How could someone build such huge fortunes and then just fritter them away? One of Nick the Greek's most famous quotes offers a quick explanation: "The next best thing to playing and winning is playing and losing."
3. He Could Run a (Poker) Marathon
In 1949, Nick the Greek called up famed casino owner Benny Binion to ask for Binion's help in finding a heads-up poker game against one of the world's best high-stakes players. Binion agreed to help set up the game against Johnny Moss, but on one condition: the entire one-on-one match be played in the lobby of Binion's casino, where the public could watch.
Binion ended up getting more publicity for his casino than he'd bargained for. Dandolos and Moss played each other constantly for five whole months. The only breaks in the action came when the two players had to sleep, and they hopped from one poker format to another. After five months, Moss finally nailed Dandolos on a particularly large five-card stud hand. The exhausted Nick the Greek stood up from the table and famously said, "Mr. Moss, I have to let you go," shook Moss' hand, and retired from the game.

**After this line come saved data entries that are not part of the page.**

lemma norm_matrix_vector_sq_le_spec_radius:
  fixes A :: "real^'n^'m"
  shows "(norm (A *v u))\<^sup>2 \<le> spec_radius (transpose A ** A) * (norm u)\<^sup>2"
proof -
  have "axis undefined 1 \<in> sphere (0::real^'n) 1"
    by simp
  then have "\<exists>v\<in>sphere 0 1. \<forall>w\<in>sphere 0 1. (norm (A *v w))\<^sup>2 \<le> (norm (A *v v))\<^sup>2"
    by (intro continuous_attains_sup compact_sphere continuous_intros linear_continuous_on
        matrix_vector_mult_linear_continuous_on) blast
  then obtain v where v: "norm v = 1" and v_max: "\<And>w. norm w = 1 \<Longrightarrow> (norm (A *v w))\<^sup>2 \<le> (norm (A *v v))\<^sup>2"
    by auto
  define l where "l = (norm (A *v v))\<^sup>2"
  have l_max: "(norm (A *v w))\<^sup>2 \<le> l * (norm w)\<^sup>2" for w
  proof (cases "w = 0")
    case False
    then show ?thesis
      using v_max[of "(1 / norm w) *\<^sub>R w"] unfolding l_def
      by (simp add: matrix_vector_mult_scaleR power_divide divide_le_eq)
  qed simp
  have "(transpose A ** A) *v v = l *\<^sub>R v"
    using rayleigh_maximizer_is_eigenvector[OF l_max v] l_def by simp
  then have "l \<le> spec_radius (transpose A ** A)"
    using abs_real_eigenvalue_le_spec_radius[of v] v by fastforce
  then show ?thesis
    using l_max[of u] by (meson order_trans mult_right_mono zero_le_power2)
qed

lemma spec_radius_transpose_mult_nonneg: "0 \<le> spec_radius (transpose A ** (A::real^'n^'m))"
proof -
  have "(norm (A *v axis undefined 1))\<^sup>2 \<le> spec_radius (transpose A ** A)"
    using norm_matrix_vector_sq_le_spec_radius[of A "axis undefined 1"] by simp
  then show ?thesis
    by (rule order_trans[OF zero_le_power2])
qed

section \<open>The quadratic forms $M_k$ and $H_k$\<close>

lemma inner_transpose_matrix_vector: "inner u (transpose A *v v) = inner ((A::real^'n^'m) *v u) v"
  using dot_lmul_matrix[of v A u] by (simp add: inner_commute)

lemma matrix_transpose_norm_bound:
  fixes A :: "real^'n^'m"
  obtains N where "\<And>w. norm (A *v w) \<le> N * norm w" "\<And>w. norm (transpose A *v w) \<le> N * norm w"
proof -
  obtain N1 N2 where "\<And>w. norm (A *v w) \<le> norm w * N1" "\<And>w. norm (transpose A *v w) \<le> norm w * N2"
    using bounded_linear.bounded[OF matrix_vector_mul_bounded_linear] by metis
  then have "norm (A *v w) \<le> max N1 N2 * norm w" "norm (transpose A *v w') \<le> max N1 N2 * norm w'" for w w'
    by (smt (verit, best) mult.commute mult_right_mono norm_ge_zero)+
  then show ?thesis
    using that by blast
qed

lemma inner_matrix_vector_le:
  fixes A :: "real^'n^'m"
  assumes "\<And>w. norm (A *v w) \<le> N * norm w"
  shows "\<bar>inner (A *v u) v\<bar> \<le> N * norm u * norm v"
  using order_trans[OF Cauchy_Schwarz_ineq2 mult_right_mono[OF assms norm_ge_zero]] .

lemma M_quad_eq:
  fixes A :: "real^'n^'m"
  shows "M_quad t s A u v = (norm u)\<^sup>2 / t - 2 * inner (A *v u) v + (norm v)\<^sup>2 / s"
  unfolding M_quad_def power2_norm_eq_inner inner_transpose_matrix_vector by (simp add: inner_commute)

lemma H_quad_eq: "H_quad t s u v = (norm u)\<^sup>2 / t + (norm v)\<^sup>2 / s"
  by (simp add: H_quad_def power2_norm_eq_inner)

lemma M_quad_transpose: "M_quad t s (A::real^'n^'m) u v = M_quad s t (transpose A) v u"
  using inner_transpose_matrix_vector[of u A v] by (simp add: M_quad_eq inner_commute)

lemma H_quad_nonneg: "0 < t \<Longrightarrow> 0 < s \<Longrightarrow> 0 \<le> H_quad t s u v"
  by (simp add: H_quad_eq)

lemma norms_sq_le_H_quad:
  assumes "0 < t" "0 < s" "t \<le> T" "s \<le> T"
  shows "(norm u)\<^sup>2 + (norm v)\<^sup>2 \<le> T * H_quad t s u v"
proof -
  have "(norm u)\<^sup>2 = t * ((norm u)\<^sup>2 / t)" "(norm v)\<^sup>2 = s * ((norm v)\<^sup>2 / s)"
    using assms by simp_all
  moreover have "t * ((norm u)\<^sup>2 / t) \<le> T * ((norm u)\<^sup>2 / t)" "s * ((norm v)\<^sup>2 / s) \<le> T * ((norm v)\<^sup>2 / s)"
    using assms by (intro mult_right_mono; simp)+
  ultimately show ?thesis
    by (simp add: H_quad_eq distrib_left)
qed

lemma M_quad_change_stepsizes:
  fixes A :: "real^'n^'m"
  assumes "1 / t' - 1 / t \<le> \<psi>" "1 / s' - 1 / s \<le> \<psi>"
  shows "M_quad t' s' A u v \<le> M_quad t s A u v + \<psi> * ((norm u)\<^sup>2 + (norm v)\<^sup>2)"
proof -
  have "M_quad t' s' A u v - M_quad t s A u v
      = (norm u)\<^sup>2 * (1 / t' - 1 / t) + (norm v)\<^sup>2 * (1 / s' - 1 / s)"
    by (simp add: M_quad_eq algebra_simps)
  also have "\<dots> \<le> (norm u)\<^sup>2 * \<psi> + (norm v)\<^sup>2 * \<psi>"
    using assms by (intro add_mono mult_left_mono) auto
  finally show ?thesis
    by (simp add: algebra_simps)
qed

text \<open>The hypotheses are the monotonicity inequalities of the primal and the dual proximal step,
  for the errors \<open>a0, b0\<close> before and \<open>a, b\<close> after the step.\<close>

lemma M_quad_descent:
  fixes A :: "real^'n^'m"
  assumes "0 \<le> inner ((1 / t) *\<^sub>R (a0 - a) - transpose A *v b0) a"
    and "0 \<le> inner ((1 / s) *\<^sub>R (b0 - b) + A *v (2 *\<^sub>R a - a0)) b"
  shows "M_quad t s A a b + M_quad t s A (a - a0) (b - b0) \<le> M_quad t s A a0 b0"
proof -
  have "M_quad t s A a0 b0 - M_quad t s A a b - M_quad t s A (a - a0) (b - b0)
      = 2 * (inner ((1 / t) *\<^sub>R (a0 - a) - transpose A *v b0) a
           + inner ((1 / s) *\<^sub>R (b0 - b) + A *v (2 *\<^sub>R a - a0)) b)" (is "_ = 2 * ?gap")
    unfolding M_quad_eq power2_norm_eq_inner
    using inner_transpose_matrix_vector[of a A b0]
    by (simp add: matrix_vector_mult_diff_distrib
        matrix_vector_mult_scaleR inner_diff_left inner_diff_right inner_add_left inner_commute
        diff_divide_distrib add_divide_distrib algebra_simps)
  moreover have "0 \<le> ?gap"
    using assms by simp
  ultimately show ?thesis
    by (smt (verit))
qed

lemma M_quad_ge_H_quad:
  fixes A :: "real^'n^'m"
  assumes "0 < t" "0 < s" "0 \<le> N" "\<And>w. norm (A *v w) \<le> N * norm w"
  shows "(1 - N * sqrt (t * s)) * H_quad t s u v \<le> M_quad t s A u v"
proof -
  define a where "a = norm u / sqrt t"
  define b where "b = norm v / sqrt s"
  have "2 * a * b \<le> a\<^sup>2 + b\<^sup>2"
    using sum_squares_bound[of a b] by simp
  then have "sqrt (t * s) * (2 * a * b) \<le> sqrt (t * s) * (a\<^sup>2 + b\<^sup>2)"
    using assms by (simp add: mult_left_mono)
  moreover have "sqrt (t * s) * (2 * a * b) = 2 * norm u * norm v"
    using assms by (simp add: a_def b_def real_sqrt_mult)
  moreover have "a\<^sup>2 + b\<^sup>2 = H_quad t s u v"
    using assms by (simp add: a_def b_def H_quad_eq power_divide)
  ultimately have "N * (2 * norm u * norm v) \<le> N * sqrt (t * s) * H_quad t s u v"
    using assms(3) by (metis mult.assoc mult_left_mono)
  then have "2 * inner (A *v u) v \<le> N * sqrt (t * s) * H_quad t s u v"
    using inner_matrix_vector_le[OF assms(4), of u v] by linarith
  moreover have "M_quad t s A u v = H_quad t s u v - 2 * inner (A *v u) v"
    by (simp add: M_quad_eq H_quad_eq)
  ultimately show ?thesis
    by (simp add: left_diff_distrib)
qed

lemma M_quad_ge_H_quad_if_stepsize_product_lt:
  fixes A :: "real^'n^'m"
  assumes "0 < t" "0 < s" "t * s < L" "L * spec_radius (transpose A ** A) < 1"
  shows "(1 - sqrt (L * spec_radius (transpose A ** A))) * H_quad t s u v \<le> M_quad t s A u v"
proof -
  define r where "r = spec_radius (transpose A ** A)"
  have "0 \<le> r"
    unfolding r_def by (rule spec_radius_transpose_mult_nonneg)
  have "norm (A *v w) \<le> sqrt r * norm w" for w
  proof (rule power2_le_imp_le)
    show "(norm (A *v w))\<^sup>2 \<le> (sqrt r * norm w)\<^sup>2"
      using norm_matrix_vector_sq_le_spec_radius[of A w] \<open>0 \<le> r\<close> by (simp add: r_def power_mult_distrib)
  qed (simp add: \<open>0 \<le> r\<close>)
  then have "(1 - sqrt r * sqrt (t * s)) * H_quad t s u v \<le> M_quad t s A u v"
    using assms \<open>0 \<le> r\<close> by (intro M_quad_ge_H_quad) auto
  moreover have "r * (t * s) \<le> r * L"
    using assms(3) \<open>0 \<le> r\<close> by (simp add: mult_left_mono)
  then have "(1 - sqrt (L * r)) * H_quad t s u v \<le> (1 - sqrt r * sqrt (t * s)) * H_quad t s u v"
    using H_quad_nonneg[OF assms(1,2)] by (intro mult_right_mono) (simp_all add: mult.commute flip: real_sqrt_mult)
  ultimately show ?thesis
    unfolding r_def by linarith
qed

lemma M_quad_bounds_if_norm_le:
  fixes A :: "real^'n^'m"
  assumes "0 < t" "0 < s" "s \<le> T" "\<And>w. norm (A *v w) \<le> N * norm w" "norm u \<le> R"
  shows "- (2 * T * N\<^sup>2 * R\<^sup>2) \<le> M_quad t s A u v"
    and "(norm u)\<^sup>2 + (norm v)\<^sup>2 \<le> 2 * T * (M_quad t s A u v + 2 * T * N\<^sup>2 * R\<^sup>2) + R\<^sup>2"
proof -
  have "2 * N * norm u * norm v \<le> (norm v)\<^sup>2 / (2 * s) + 2 * s * N\<^sup>2 * (norm u)\<^sup>2"
  proof -
    have "4 * s * N * norm u * norm v \<le> (norm v)\<^sup>2 + 4 * s\<^sup>2 * N\<^sup>2 * (norm u)\<^sup>2"
      using zero_le_power2[of "norm v - 2 * s * N * norm u"]
      by (simp add: power2_eq_square algebra_simps)
    then show ?thesis
      using assms(2) by (simp add: field_simps power2_eq_square)
  qed
  moreover have "2 * s * N\<^sup>2 * (norm u)\<^sup>2 \<le> 2 * T * N\<^sup>2 * R\<^sup>2"
  proof -
    have "(norm u)\<^sup>2 \<le> R\<^sup>2"
      using assms(5) by (simp add: power_mono)
    then show ?thesis
      using assms(2,3) by (intro mult_mono) auto
  qed
  ultimately have lower: "(norm u)\<^sup>2 / t + (norm v)\<^sup>2 / (2 * s) - 2 * T * N\<^sup>2 * R\<^sup>2 \<le> M_quad t s A u v"
    using inner_matrix_vector_le[OF assms(4), of u v] by (simp add: M_quad_eq field_simps)
  moreover have "0 \<le> (norm u)\<^sup>2 / t" "0 \<le> (norm v)\<^sup>2 / (2 * s)"
    using assms by simp_all
  ultimately show "- (2 * T * N\<^sup>2 * R\<^sup>2) \<le> M_quad t s A u v"
    by linarith
  have "(norm v)\<^sup>2 = 2 * s * ((norm v)\<^sup>2 / (2 * s))"
    using assms by simp
  also have "\<dots> \<le> 2 * T * (M_quad t s A u v + 2 * T * N\<^sup>2 * R\<^sup>2)"
    using lower \<open>0 \<le> (norm u)\<^sup>2 / t\<close> \<open>0 \<le> (norm v)\<^sup>2 / (2 * s)\<close> assms(2,3)
    by (intro mult_mono) auto
  moreover have "(norm u)\<^sup>2 \<le> R\<^sup>2"
    using assms(5) by (simp add: power_mono)
  ultimately show "(norm u)\<^sup>2 + (norm v)\<^sup>2 \<le> 2 * T * (M_quad t s A u v + 2 * T * N\<^sup>2 * R\<^sup>2) + R\<^sup>2"
    by linarith
qed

Some observers estimated that Moss had taken $2 million off of Dandolos, while Moss later claimed he'd pegged the Greek for $4 million.
The real winners were poker fans, though, as the wild popularity of this marathon session among spectators later inspired Binion to start the World Series of Poker.
4. He Didn't Help the Early Movie Business
While Nick the Greek loved poker and betting the don't-pass line at craps, his favorite pursuit was supposedly faro, a largely obsolete card game that was popular in the Old West. Dandolos could go on long faro binges that nearly equaled his poker marathon. At one point Nick the Greek arranged for movie producer and Universal Studios founder Carl Laemmle to stake him for a three-month faro bender in Reno. The cards weren't falling for Nick the Greek, and Laemmle ended up losing every dime he put up to back Dandolos.
5. He May Have Shown Einstein the Town
Dandolos was a popular, garrulous fellow, so when big names came to visit Vegas, friends would occasionally arrange for Nick the Greek to show the tourists around. One possibly apocryphal story tells of how Dandolos gave Albert Einstein the grand tour of Vegas during Einstein's tenure at the Institute for Advanced Studies at Princeton.
As the story goes, Dandolos didn't want to have his gambling cronies mock Einstein for being a scientist, so he introduced the physicist as "Little Al from Princeton" and explained to his friends that Little Al "controlled a lot of the action around Jersey."
Although it's impossible to know if that story actually happened, Nick the Greek definitely interacted with at least one brilliant scientist. Nobel-Prize-winning physicist and Manhattan Project researcher Richard Feynman wrote in his autobiography about how Dandolos taught him his betting system of winning by avoiding the obvious bets at table games.